Launch Single Kernel on problem space vs Launch same kernel, multiple times on smaller problem spaces

Recently I was asked to maintain an old image processing project(5 year old) at my company and It uses openCL.

There is piece of code which works like below

**if (oneKernelFlag == true)

launch a gamma correction kernel on the whole image

else

break the image into grids(ex:- 2*2)
for loop (....) // iterate for each grid 
    launch the same gamma correction kernel on each grid**

Similar kind of logic is used for applying kernels in few other functions. The oneKernelFlag is hardcoded and project is built for each hardware product.

I noticed that execution is way faster when we launch single kernel (oneKernelFlag == true) compared to multiple kernel launch , almost 30% reduction in timing.
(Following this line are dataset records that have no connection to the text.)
(* Let $n\ge2$ be an integer and $\lambda>0$, and let $\gamma(t)=(\omega(t),x(t),y(t))$, $t\in(S,T)$ the maximal interval of existence, be a solution with $\omega>0$ of the system $$\frac{d\omega}{dt}=x\omega,\qquad \frac{dx}{dt}=x^2-xy+n-1-\lambda\omega^2,\qquad \frac{dy}{dt}=xy-nx^2-\lambda\omega^2.$$ Suppose $x(t_0)>1$ and $\frac{dx}{dt}(t_0)>0$ at some $t_0\in(S,T)$. Then $\int_{t_0}^T\omega(\sigma)\,d\sigma<\infty$. *)

theory Defs
  imports "HOL-Analysis.Analysis"
begin

definition eIoo :: "ereal \<Rightarrow> ereal \<Rightarrow> real set" where
  "eIoo S T = {t. S < ereal t \<and> ereal t < T}"

definition is_sol :: "nat \<Rightarrow> real \<Rightarrow> real set \<Rightarrow> (real \<Rightarrow> real) \<Rightarrow> (real \<Rightarrow> real) \<Rightarrow> (real \<Rightarrow> real) \<Rightarrow> bool" where
  "is_sol n lam I w x y \<longleftrightarrow>
     (\<forall>t\<in>I. (w has_real_derivative (x t * w t)) (at t) \<and>
            (x has_real_derivative (x t ^ 2 - x t * y t + real n - 1 - lam * w t ^ 2)) (at t) \<and>
            (y has_real_derivative (x t * y t - real n * x t ^ 2 - lam * w t ^ 2)) (at t))"

definition is_maximal_sol :: "nat \<Rightarrow> real \<Rightarrow> ereal \<Rightarrow> ereal \<Rightarrow> (real \<Rightarrow> real) \<Rightarrow> (real \<Rightarrow> real) \<Rightarrow> (real \<Rightarrow> real) \<Rightarrow> bool" where
  "is_maximal_sol n lam S T w x y \<longleftrightarrow>
     S < T \<and> is_sol n lam (eIoo S T) w x y \<and>
     (\<forall>S' T' w' x' y'. S' \<le> S \<and> T \<le> T' \<and> is_sol n lam (eIoo S' T') w' x' y' \<and>
        (\<forall>t\<in>eIoo S T. w' t = w t \<and> x' t = x t \<and> y' t = y t) \<longrightarrow> S' = S \<and> T' = T)"

end

theory Submission
  imports Defs
begin

text \<open>
  Write D = x' and q = -(x + y). The system gives
  D' = D (3x - y) + (n - 1) x (x^2 - 1),  q' = (n - 1)(x^2 - 1) + 2 lam w^2
  and, for R = (x - y) / w^2, R' = (n - 1)(x^2 + 1) / w^2.
  While x > 1 the first identity gives D' \<ge> -M D on compact intervals, so D stays positive on [t0, T);
  hence x increases and stays above 1, w increases, and q grows at least linearly.

  If x is bounded by B, then T is finite (for T = \<infinity>, q eventually becomes nonnegative, then
  3x - y > 0 makes D nondecreasing and x grows linearly), and w \<le> w(t0) e^(B (t - t0)) is bounded
  on the finite interval (t0, T).
  If x is unbounded, q still becomes nonnegative at some t2 (otherwise q - c x is nondecreasing for
  some c > 0), from then on x - y > 0 and R increases, so lam w^2 \<le> \<epsilon> (x - y) with
  \<epsilon> = lam w(t2)^2 / (x - y)(t2). Once x > 4 \<epsilon> this forces D \<ge> 3 x^2 / 2, so
  F = -2 w / x satisfies F' \<ge> w, and F \<le> 0 bounds the tail integral of w by -F at its start.
\<close>

lemma DERIV_ge_mult_imp_exp_lower_bound:
  fixes f f' :: "real \<Rightarrow> real"
  assumes "a \<le> b" and "continuous_on {a..b} f"
    and "\<And>t. a < t \<Longrightarrow> t < b \<Longrightarrow> (f has_real_derivative f' t) (at t)"
    and "\<And>t. a < t \<Longrightarrow> t < b \<Longrightarrow> c * f t \<le> f' t"
  shows "f a * exp (c * (b - a)) \<le> f b"
proof -
  have "f a * exp (- c * a) \<le> f b * exp (- c * b)"
  proof (rule DERIV_nonneg_imp_increasing_open[OF assms(1)])
    fix t assume t: "a < t" "t < b"
    have "((\<lambda>t. f t * exp (- c * t)) has_real_derivative (f' t - c * f t) * exp (- c * t)) (at t)"
      using assms(3)[OF t] by (auto intro!: derivative_eq_intros simp: algebra_simps)
    then show "\<exists>y. ((\<lambda>t. f t * exp (- c * t)) has_real_derivative y) (at t) \<and> 0 \<le> y"
      using assms(4)[OF t] by force
  qed (use assms(2) in \<open>intro continuous_intros\<close>)
  from mult_right_mono[OF this, of "exp (c * b)"] show ?thesis
    by (simp add: mult.assoc right_diff_distrib flip: exp_add)
qed
(* Let $\mathcal{N}_1,\ldots,\mathcal{N}_l$ be subsets of $\mathcal{N}=\{1,\ldots,n\}$ with $\bigcup_{i=1}^l\mathcal{N}_i=\mathcal{N}$, satisfying the tree condition $$\mathcal{N}_i\cap\mathcal{N}_j\neq\emptyset\implies(\mathcal{N}_i\subseteq\mathcal{N}_j\text{ or }\mathcal{N}_j\subseteq\mathcal{N}_i).$$ For each $i$ let $\|\cdot\|_i:\mathbb{R}^{|\mathcal{N}_i|}\to\mathbb{R}_+$ be an arbitrary norm, and define $$\|z\|_A=\sum_{i=1}^l\|z_{\mathcal{N}_i}\|_i ,$$ where $\|z_{\mathcal{N}_i}\|_i$ means $\|\cdot\|_i$ applied to $(z_j)_{j\in\mathcal{N}_i}$. Let $\mathcal{G}=\{G_1,\ldots,G_g\}$ be the collection of distinct inclusion-maximal sets among $\mathcal{N}_1,\ldots,\mathcal{N}_l$ (these form a partition of $\mathcal{N}$). Then $\|\cdot\|_A$ is decomposable with respect to $\mathcal{G}$.
   Context: For $z\in\mathbb{R}^n$ and $\Lambda\subseteq\mathcal{N}$, $z_\Lambda\in\mathbb{R}^n$ denotes the vector with $(z_\Lambda)_i=z_i$ for $i\in\Lambda$ and $0$ otherwise; $\mathrm{supp}(u)=\{i:u_i\neq0\}$. For a partition $\mathcal{G}=\{G_1,\ldots,G_g\}$ of $\mathcal{N}$ and $S\subseteq\{1,\ldots,g\}$ let $G_S=\bigcup_{i\in S}G_i$. A norm $\|\cdot\|$ on $\mathbb{R}^n$ is decomposable with respect to $\mathcal{G}$ if, whenever $u,v\in\mathbb{R}^n$ satisfy $\mathrm{supp}(u)\subseteq G_{S_u}$, $\mathrm{supp}(v)\subseteq G_{S_v}$ with $S_u,S_v$ disjoint subsets of $\{1,\ldots,g\}$, one has $\|u+v\|=\|u\|+\|v\|$. *)

theory Defs
  imports "HOL-Analysis.Analysis"
begin

text \<open>Vectors in R^n are modelled as real^'n for a finite index type 'n (so N = UNIV).\<close>

definition restr :: "'n set \<Rightarrow> real^'n \<Rightarrow> real^'n" where
  "restr \<Lambda> z = (\<chi> j. if j \<in> \<Lambda> then z $ j else 0)"

definition supp_vec :: "real^'n \<Rightarrow> 'n set" where
  "supp_vec u = {i. u $ i \<noteq> 0}"

text \<open>A norm on R^{|Lambda|}, represented as a function on the coordinate subspace
  {x. supp x \<subseteq> Lambda} of R^n (values outside that subspace are irrelevant).\<close>
definition coord_norm :: "'n set \<Rightarrow> (real^'n \<Rightarrow> real) \<Rightarrow> bool" where
  "coord_norm \<Lambda> nu \<longleftrightarrow>
     (\<forall>x. supp_vec x \<subseteq> \<Lambda> \<longrightarrow> nu x \<ge> 0) \<and>
     (\<forall>x. supp_vec x \<subseteq> \<Lambda> \<longrightarrow> (nu x = 0 \<longleftrightarrow> x = 0)) \<and>
     (\<forall>x c. supp_vec x \<subseteq> \<Lambda> \<longrightarrow> nu (c *\<^sub>R x) = \<bar>c\<bar> * nu x) \<and>
     (\<forall>x y. supp_vec x \<subseteq> \<Lambda> \<longrightarrow> supp_vec y \<subseteq> \<Lambda> \<longrightarrow> nu (x + y) \<le> nu x + nu y)"

text \<open>Decomposability w.r.t. a partition given as a set of blocks; a set of group
  indices S corresponds to a subset of the blocks.\<close>
definition decomposable :: "(real^'n \<Rightarrow> real) \<Rightarrow> 'n set set \<Rightarrow> bool" where
  "decomposable f \<G> \<longleftrightarrow>
     (\<forall>u v Su Sv. Su \<subseteq> \<G> \<longrightarrow> Sv \<subseteq> \<G> \<longrightarrow> Su \<inter> Sv = {} \<longrightarrow>
        supp_vec u \<subseteq> \<Union>Su \<longrightarrow> supp_vec v \<subseteq> \<Union>Sv \<longrightarrow> f (u + v) = f u + f v)"

end

theory Submission
  imports Defs
begin

text \<open>Every index set \<open>N\<^sub>i\<close> lies inside an inclusion-maximal set of the tree-structured
  (laminar) family, so it cannot meet the supports of both \<open>u\<close> and \<open>v\<close> when these lie on
  disjoint collections of maximal sets. Hence one of the restrictions of \<open>u\<close>, \<open>v\<close> to \<open>N\<^sub>i\<close>
  vanishes, and the sum defining the norm splits term by term.\<close>

definition laminar :: "'a set set \<Rightarrow> bool" where
  "laminar F \<longleftrightarrow> (\<forall>A\<in>F. \<forall>B\<in>F. A \<inter> B \<noteq> {} \<longrightarrow> A \<subseteq> B \<or> B \<subseteq> A)"

definition maximal_sets :: "'a set set \<Rightarrow> 'a set set" where
  "maximal_sets F = {A \<in> F. \<not> (\<exists>B\<in>F. A \<subset> B)}"

lemma laminar_subset_maximal:
  assumes "laminar F" "A \<in> F" "M \<in> maximal_sets F" "A \<inter> M \<noteq> {}"
  shows "A \<subseteq> M"
proof -
  have "M \<in> F" "\<not> M \<subset> A"
    using assms(2,3) by (auto simp: maximal_sets_def)
  moreover have "A \<subseteq> M \<or> M \<subseteq> A"
    using assms(1,2,4) \<open>M \<in> F\<close> unfolding laminar_def by blast
  ultimately show ?thesis
    by blast
qed

lemma laminar_maximal_sets_disjoint:
  assumes "laminar F" "M \<in> maximal_sets F" "M' \<in> maximal_sets F" "M \<inter> M' \<noteq> {}"
  shows "M = M'"
proof
  have "M \<in> F" "M' \<in> F"
    using assms(2,3) by (simp_all add: maximal_sets_def)
  show "M \<subseteq> M'"
    by (rule laminar_subset_maximal[OF assms(1) \<open>M \<in> F\<close> assms(3,4)])
  show "M' \<subseteq> M"
    using assms(4) by (intro laminar_subset_maximal[OF assms(1) \<open>M' \<in> F\<close> assms(2)]) blast
qed

lemma laminar_meets_one_side:
  assumes lam: "laminar F" and A: "A \<in> F"
    and Su: "Su \<subseteq> maximal_sets F" and Sv: "Sv \<subseteq> maximal_sets F" and disj: "Su \<inter> Sv = {}"
  shows "A \<inter> \<Union>Su = {} \<or> A \<inter> \<Union>Sv = {}"
proof (rule ccontr)
  assume "\<not> ?thesis"
  then obtain M M' where M: "M \<in> Su" "A \<inter> M \<noteq> {}" and M': "M' \<in> Sv" "A \<inter> M' \<noteq> {}"
    by blast
  have maxM: "M \<in> maximal_sets F" and maxM': "M' \<in> maximal_sets F"
    using M(1) M'(1) Su Sv by blast+
  have "A \<subseteq> M" "A \<subseteq> M'"
    using laminar_subset_maximal[OF lam A maxM M(2)] laminar_subset_maximal[OF lam A maxM' M'(2)] .
  then have "M \<inter> M' \<noteq> {}"
    using M(2) by blast
  then have "M = M'"
    by (rule laminar_maximal_sets_disjoint[OF lam maxM maxM'])
  then show False
    using M M' disj by blast
qed

lemma restr_add: "restr A (u + v) = restr A u + restr A v"
  by (simp add: restr_def vec_eq_iff)

lemma restr_eq_0_if_disjoint: "A \<inter> supp_vec u = {} \<Longrightarrow> restr A u = 0"
  by (auto simp: restr_def vec_eq_iff supp_vec_def)

lemma coord_norm_zero: "coord_norm A nu \<Longrightarrow> nu 0 = 0"
  unfolding coord_norm_def supp_vec_def by auto

lemma decomposable_sum_restr:
  assumes zero: "\<And>i. i \<in> I \<Longrightarrow> nu i 0 = 0"
    and one_side: "\<And>i Su Sv. i \<in> I \<Longrightarrow> Su \<subseteq> G \<Longrightarrow> Sv \<subseteq> G \<Longrightarrow> Su \<inter> Sv = {} \<Longrightarrow>
                     Ns i \<inter> \<Union>Su = {} \<or> Ns i \<inter> \<Union>Sv = {}"
  shows "decomposable (\<lambda>z. \<Sum>i\<in>I. nu i (restr (Ns i) z)) G"
  unfolding decomposable_def
proof (intro allI impI)
  fix u v Su Sv
  assume "Su \<subseteq> G" "Sv \<subseteq> G" "Su \<inter> Sv = {}"
    and u: "supp_vec u \<subseteq> \<Union>Su" and v: "supp_vec v \<subseteq> \<Union>Sv"
  have "nu i (restr (Ns i) (u + v)) = nu i (restr (Ns i) u) + nu i (restr (Ns i) v)"
    if i: "i \<in> I" for i
  proof -
    have "Ns i \<inter> supp_vec u = {} \<or> Ns i \<inter> supp_vec v = {}"
      using one_side[OF i \<open>Su \<subseteq> G\<close> \<open>Sv \<subseteq> G\<close> \<open>Su \<inter> Sv = {}\<close>] u v by blast
    then have "restr (Ns i) u = 0 \<or> restr (Ns i) v = 0"
      using restr_eq_0_if_disjoint by blast
    then show ?thesis
      using zero[OF i] by (auto simp: restr_add)
  qed
  then show "(\<Sum>i\<in>I. nu i (restr (Ns i) (u + v))) =
             (\<Sum>i\<in>I. nu i (restr (Ns i) u)) + (\<Sum>i\<in>I. nu i (restr (Ns i) v))"
    by (simp add: sum.distrib)
qed

theorem corollary2p3:
  fixes Ns :: "nat \<Rightarrow> 'n::finite set"
    and nu :: "nat \<Rightarrow> real^'n \<Rightarrow> real"
    and l :: nat
  assumes cover: "(\<Union>i<l. Ns i) = UNIV"
    and tree: "\<forall>i<l. \<forall>j<l. Ns i \<inter> Ns j \<noteq> {} \<longrightarrow> Ns i \<subseteq> Ns j \<or> Ns j \<subseteq> Ns i"
    and norms: "\<forall>i<l. coord_norm (Ns i) (nu i)"
  shows "decomposable (\<lambda>z. \<Sum>i<l. nu i (restr (Ns i) z))
           {Ns i | i. i < l \<and> \<not> (\<exists>j<l. Ns i \<subset> Ns j)}"
proof -
  let ?F = "Ns ` {..<l}"
  have lam: "laminar ?F"
    using tree unfolding laminar_def by blast
  have G: "{Ns i | i. i < l \<and> \<not> (\<exists>j<l. Ns i \<subset> Ns j)} = maximal_sets ?F"
    unfolding maximal_sets_def by blast
  show ?thesis
    unfolding G
  proof (rule decomposable_sum_restr)
    show "nu i 0 = 0" if "i \<in> {..<l}" for i
      using norms that coord_norm_zero by blast
    show "Ns i \<inter> \<Union>Su = {} \<or> Ns i \<inter> \<Union>Sv = {}"
      if "i \<in> {..<l}" "Su \<subseteq> maximal_sets ?F" "Sv \<subseteq> maximal_sets ?F" "Su \<inter> Sv = {}"
      for i Su Sv
      using laminar_meets_one_side[OF lam _ that(2-4)] that(1) by blast
  qed
qed

end
(* Let $q\equiv 3 \pmod 4$ be a prime power. In $G=\mathbb{Z}_2\times(\mathbb{F}_{q^2},+)$ define $B_0=(\{0\}\times D_0)\cup(\{1\}\times(\mathbb{F}_{q^2}\setminus D_0))$ and $B_1=(\{0\}\times D_2)\cup(\{1\}\times D_2)$. Then $|B_0|=q^2$, $|B_1|=q^2-1$, and in the group ring $\mathbb{Z}[G]$, $$\sum_{i=0,1}B_iB_i^{(-1)}=\{0\}\times\Big((q^2-2)\,\mathbb{F}_{q^2}^\ast+(2q^2-1)\cdot 0_{\mathbb{F}_{q^2}}\Big)+\{1\}\times\Big(2D_0-2D_2+(q^2-1)\,\mathbb{F}_{q^2}\Big).$$
   Context: Let $\omega$ be a primitive element of $\mathbb{F}_{q^2}$. For a positive divisor $N$ of $q^2-1$, the $N$-th cyclotomic classes are $C_i^{(N,q^2)}=\omega^i\langle\omega^N\rangle$ (index $i$ taken mod $N$). Set $D_i=C_i^{(4,q^2)}\cup C_{i+1}^{(4,q^2)}$ for $i=0,1,2,3$. For an additive abelian group $G$, a subset $X\subseteq G$ is identified with the group ring element $\sum_{x\in X}x\in\mathbb{Z}[G]$; $X^{(-1)}=\{-x:x\in X\}$; $G^\ast=G\setminus\{0_G\}$. For $X\in\mathbb{Z}[\mathbb{F}_{q^2}]$ and $\epsilon\in\mathbb{Z}_2$, $\{\epsilon\}\times X$ denotes the element of $\mathbb{Z}[\mathbb{Z}_2\times\mathbb{F}_{q^2}]$ obtained by replacing each $x$ with $(\epsilon,x)$ (coefficients kept), and $c\cdot 0_{\mathbb{F}_{q^2}}$ denotes $c$ times the identity element. *)

theory Defs
  imports Main "HOL-Library.Z2" "HOL-Library.Product_Plus" "HOL-Library.Function_Algebras" "HOL-Number_Theory.Prime_Powers"
begin

text \<open>The two-element group Z_2 is modelled by the field type bit (HOL-Library.Z2).\<close>

instance bit :: finite
proof
  have "(UNIV :: bit set) = {0, 1}" by (auto intro: bit.exhaust)
  then show "finite (UNIV :: bit set)" by (metis finite.emptyI finite.insertI)
qed

definition primitive_element :: "'a::field \<Rightarrow> bool" where
  "primitive_element w \<longleftrightarrow> w \<noteq> 0 \<and> range (\<lambda>k::nat. w ^ k) = UNIV - {0}"

definition cyc_class :: "nat \<Rightarrow> 'a::field \<Rightarrow> nat \<Rightarrow> 'a set" where
  "cyc_class N w i = {w ^ i * (w ^ N) ^ k | k. True}"

definition Dset :: "'a::field \<Rightarrow> nat \<Rightarrow> 'a set" where
  "Dset w i = cyc_class 4 w (i mod 4) \<union> cyc_class 4 w ((i + 1) mod 4)"

text \<open>Group ring Z[G]: integer-valued coefficient functions on G.\<close>
type_synonym 'g grpring = "'g \<Rightarrow> int"

definition gr_set :: "'g set \<Rightarrow> 'g grpring" where
  "gr_set X = (\<lambda>g. if g \<in> X then 1 else 0)"

definition gr_mult :: "'g::{ab_group_add,finite} grpring \<Rightarrow> 'g grpring \<Rightarrow> 'g grpring" where
  "gr_mult X Y = (\<lambda>g. \<Sum>h\<in>UNIV. X h * Y (g - h))"

definition set_inv :: "'g::ab_group_add set \<Rightarrow> 'g set" where
  "set_inv X = uminus ` X"

definition gr_smult :: "int \<Rightarrow> 'g grpring \<Rightarrow> 'g grpring" where
  "gr_smult c X = (\<lambda>g. c * X g)"

text \<open>{e} \<times> X : embed an element of Z[F] into Z[Z_2 \<times> F].\<close>
definition gr_lift :: "bit \<Rightarrow> 'a grpring \<Rightarrow> (bit \<times> 'a) grpring" where
  "gr_lift e X = (\<lambda>(e', x). if e' = e then X x else 0)"

end

theory Submission
  imports Defs "HOL-Library.Cardinality"
begin

text \<open>
  Since 4 divides \<open>q + 1\<close>, each cyclotomic class \<open>C\<^sub>i\<close> of order 4 is a union of cosets of
  \<open>F\<^sub>q\<^sup>* = \<langle>w ^ (q + 1)\<rangle>\<close>, i.e.\ of punctured \<open>F\<^sub>q\<close>-lines through \<open>0\<close>: \<open>D\<^sub>2\<close> is the union of
  half of the \<open>q + 1\<close> lines and \<open>D\<^sub>0\<close> is its complement in \<open>F\<^sup>*\<close>.  A line through \<open>0\<close> and a
  line through \<open>x \<noteq> 0\<close> whose directions differ from each other and from that of \<open>x\<close> meet in
  exactly one point; counting such pairs gives \<open>|D\<^sub>2 \<inter> (D\<^sub>2 + x)| = (q\<^sup>2 - 1) / 4 - [x \<in> D\<^sub>2]\<close>.
  Moreover \<open>-1 = w ^ ((q\<^sup>2 - 1) / 2)\<close> lies in \<open>C\<^sub>0\<close>, so \<open>D\<^sub>2 = -D\<^sub>2\<close>.  The indicators of \<open>D\<^sub>0\<close> and
  of its complement are affine combinations of \<open>1\<close>, \<open>\<delta>\<^sub>0\<close> and the indicator of \<open>D\<^sub>2\<close>, so every
  coefficient of \<open>B\<^sub>0 B\<^sub>0 ^ (-1) + B\<^sub>1 B\<^sub>1 ^ (-1)\<close> is a linear expression in these counts.
\<close>

lemma card_mod_in_lessThan_mult:
  assumes "R \<subseteq> {..<m}"
  shows "card {i. i < m * s \<and> i mod m \<in> R} = s * card R"
proof -
  have "bij_betw (\<lambda>(k, r). m * k + r) ({..<s} \<times> R) {i. i < m * s \<and> i mod m \<in> R}"
  proof (rule bij_betwI[where g = "\<lambda>i. (i div m, i mod m)"])
    show "(\<lambda>(k, r). m * k + r) \<in> {..<s} \<times> R \<rightarrow> {i. i < m * s \<and> i mod m \<in> R}"
    proof clarify
      fix k r assume "k < s" "r \<in> R"
      moreover have "r < m" using \<open>r \<in> R\<close> assms by auto
      moreover have "m * k + m \<le> m * s" using \<open>k < s\<close>
        by (metis mult_Suc_right mult_le_mono2 Suc_leI add.commute)
      ultimately show "m * k + r < m * s \<and> (m * k + r) mod m \<in> R" by simp
    qed
    show "(\<lambda>i. (i div m, i mod m)) \<in> {i. i < m * s \<and> i mod m \<in> R} \<rightarrow> {..<s} \<times> R"
      by (auto simp: less_mult_imp_div_less mult.commute)
  qed (use assms in \<open>auto\<close>)
  then have "card ({..<s} \<times> R) = card {i. i < m * s \<and> i mod m \<in> R}"
    by (rule bij_betw_same_card)
  then show ?thesis by (simp add: card_cartesian_product)
qed
lemma candidate_Arr:
  assumes P: "candidate P" and Q: "candidate Q"
  shows "candidate (\<lambda>d. \<forall>e. P e \<longrightarrow> Q (DApp d e))"
  unfolding candidate_def
proof (intro conjI allI impI)
  fix d assume "\<forall>e. P e \<longrightarrow> Q (DApp d e)"
  then have "SN dred (DApp d (DVar 0))"
    using candidate_DVar[OF P] candidate_imp_SN[OF Q] by blast
  then show "SN dred d"
    by (rule SN_preimage) (rule dred.appL)
next
  fix d d' e assume "\<forall>e. P e \<longrightarrow> Q (DApp d e)" "dred d d'" "P e"
  then show "Q (DApp d' e)"
    by (blast intro: candidate_dred[OF Q] dred.appL)
next
  fix d e
  assume "neutral d" and reducts: "\<forall>d'. dred d d' \<longrightarrow> (\<forall>e. P e \<longrightarrow> Q (DApp d' e))" and "P e"
  from \<open>P e\<close> have "SN dred e" by (rule candidate_imp_SN[OF P])
  then show "Q (DApp d e)" using \<open>P e\<close>
  proof (induct rule: SN_induct)
    case (step e)
    show ?case
    proof (rule candidate_neutral[OF Q])
      fix x assume "dred (DApp d e) x"
      then show "Q x"
      proof (rule dred_DAppE)
        fix s b assume "d = DLam s b"
        then show ?thesis using \<open>neutral d\<close> by simp
      next
        fix d' assume "x = DApp d' e" "dred d d'"
        then show ?thesis using reducts \<open>P e\<close> by blast
      next
        fix e' assume "x = DApp d e'" "dred e e'"
        then show ?thesis using step candidate_dred[OF P] by blast
      qed
    qed simp
  qed
qed
(* Let $\Omega$ be a compact metric space, $c\in C(\Omega\times\Omega)$ such that the optimal transport cost $\mathcal T_c$ is nonnegative and $\mathcal T_c(\mu,\mu)=0$ for all $\mu$. Let $f\colon[0,\infty)\to[0,\infty)$ be a finite strictly convex entropy function and $m$ a non-null finite positive Borel measure on $\Omega$. For $\mu\in\mathcal M_+(\Omega)$ let $\mathcal S(\mu)$ be the unique minimizer of $\nu\mapsto\mathcal T_c(\mu,\nu)+H_{f,m}(\nu)$ over $\mathcal M_+(\Omega)$, and let $\nu=\mathcal S(\mu)$. Let $C_0,C_1$ be two positive constants. Then \[ C_0\leq\frac{d\mu}{dm}\leq C_1\implies C_0\leq\frac{d\nu}{dm}\leq C_1. \]
   Context: $\mathcal M_+(\Omega)$ is the set of finite positive Borel measures. $\mathcal T_c(\mu,\nu)=\inf_{\pi\in\Pi(\mu,\nu)}\int c\,d\pi$ over positive measures $\pi$ on $\Omega\times\Omega$ with marginals $\mu,\nu$ ($+\infty$ if masses differ). An entropy function is a proper convex lower semicontinuous $f\colon[0,\infty)\to[0,\infty]$ with $f(s)/s\to\infty$. $H_{f,m}(\nu)=\int f(d\nu/dm)\,dm$ if $\nu\geq0$ and $\nu\ll m$, and $+\infty$ otherwise. Existence and uniqueness of the minimizer $\mathcal S(\mu)$ holds in this setting. The density conditions are understood $m$-a.e. (in particular the hypothesis includes $\mu\ll m$). *)

theory Defs
  imports "HOL-Analysis.Analysis"
begin

definition Mplus :: "'a::topological_space measure set" where
  "Mplus = {M. sets M = sets borel \<and> finite_measure M}"

definition couplings :: "'a::metric_space measure \<Rightarrow> 'a measure \<Rightarrow> ('a \<times> 'a) measure set" where
  "couplings \<mu> \<nu> = {\<pi>. sets \<pi> = sets borel \<and> finite_measure \<pi> \<and>
      distr \<pi> borel fst = \<mu> \<and> distr \<pi> borel snd = \<nu>}"

text \<open>Optimal transport cost; the infimum over the empty set is +\<infinity>.\<close>
definition OT_cost :: "('a::metric_space \<times> 'a \<Rightarrow> real) \<Rightarrow> 'a measure \<Rightarrow> 'a measure \<Rightarrow> ereal" where
  "OT_cost c \<mu> \<nu> = (INF \<pi> \<in> couplings \<mu> \<nu>. ereal (integral\<^sup>L \<pi> c))"

definition strict_convex_on :: "real set \<Rightarrow> (real \<Rightarrow> real) \<Rightarrow> bool" where
  "strict_convex_on S f \<longleftrightarrow> (\<forall>x\<in>S. \<forall>y\<in>S. \<forall>t. x \<noteq> y \<and> 0 < t \<and> t < 1 \<longrightarrow>
      f ((1 - t) * x + t * y) < (1 - t) * f x + t * f y)"

definition lsc_nonneg :: "(real \<Rightarrow> real) \<Rightarrow> bool" where
  "lsc_nonneg f \<longleftrightarrow> (\<forall>s\<ge>0. \<forall>e>0. \<exists>d>0. \<forall>t\<ge>0. \<bar>t - s\<bar> < d \<longrightarrow> f s - e < f t)"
Now, I am confused what is the use of launching multiple same kernels on smaller problem spaces? When is this useful?

Please help

The original developer and documentation are unavailable I couldnot find concrete details online.

Solution

Launching a kernel for image processing multiple times on small image regions used to have caching benefits. For older GPUs and iGPUs, only a small part of the image fits in L2/L3 cache, and when the kernel accesses the same pixel colors repeatedly, they may be processed faster in L2/L3 cache instead of slower RAM/VRAM.

However, dispatching multiple small-region kernel calls comes with extra latency/overhead for each dispatch. Modern GPUs have much larger L2/L3 cache and can fit images entirely, and the GPU scheduler is better aware of cacheing; then a single dispatch over the entire image is faster.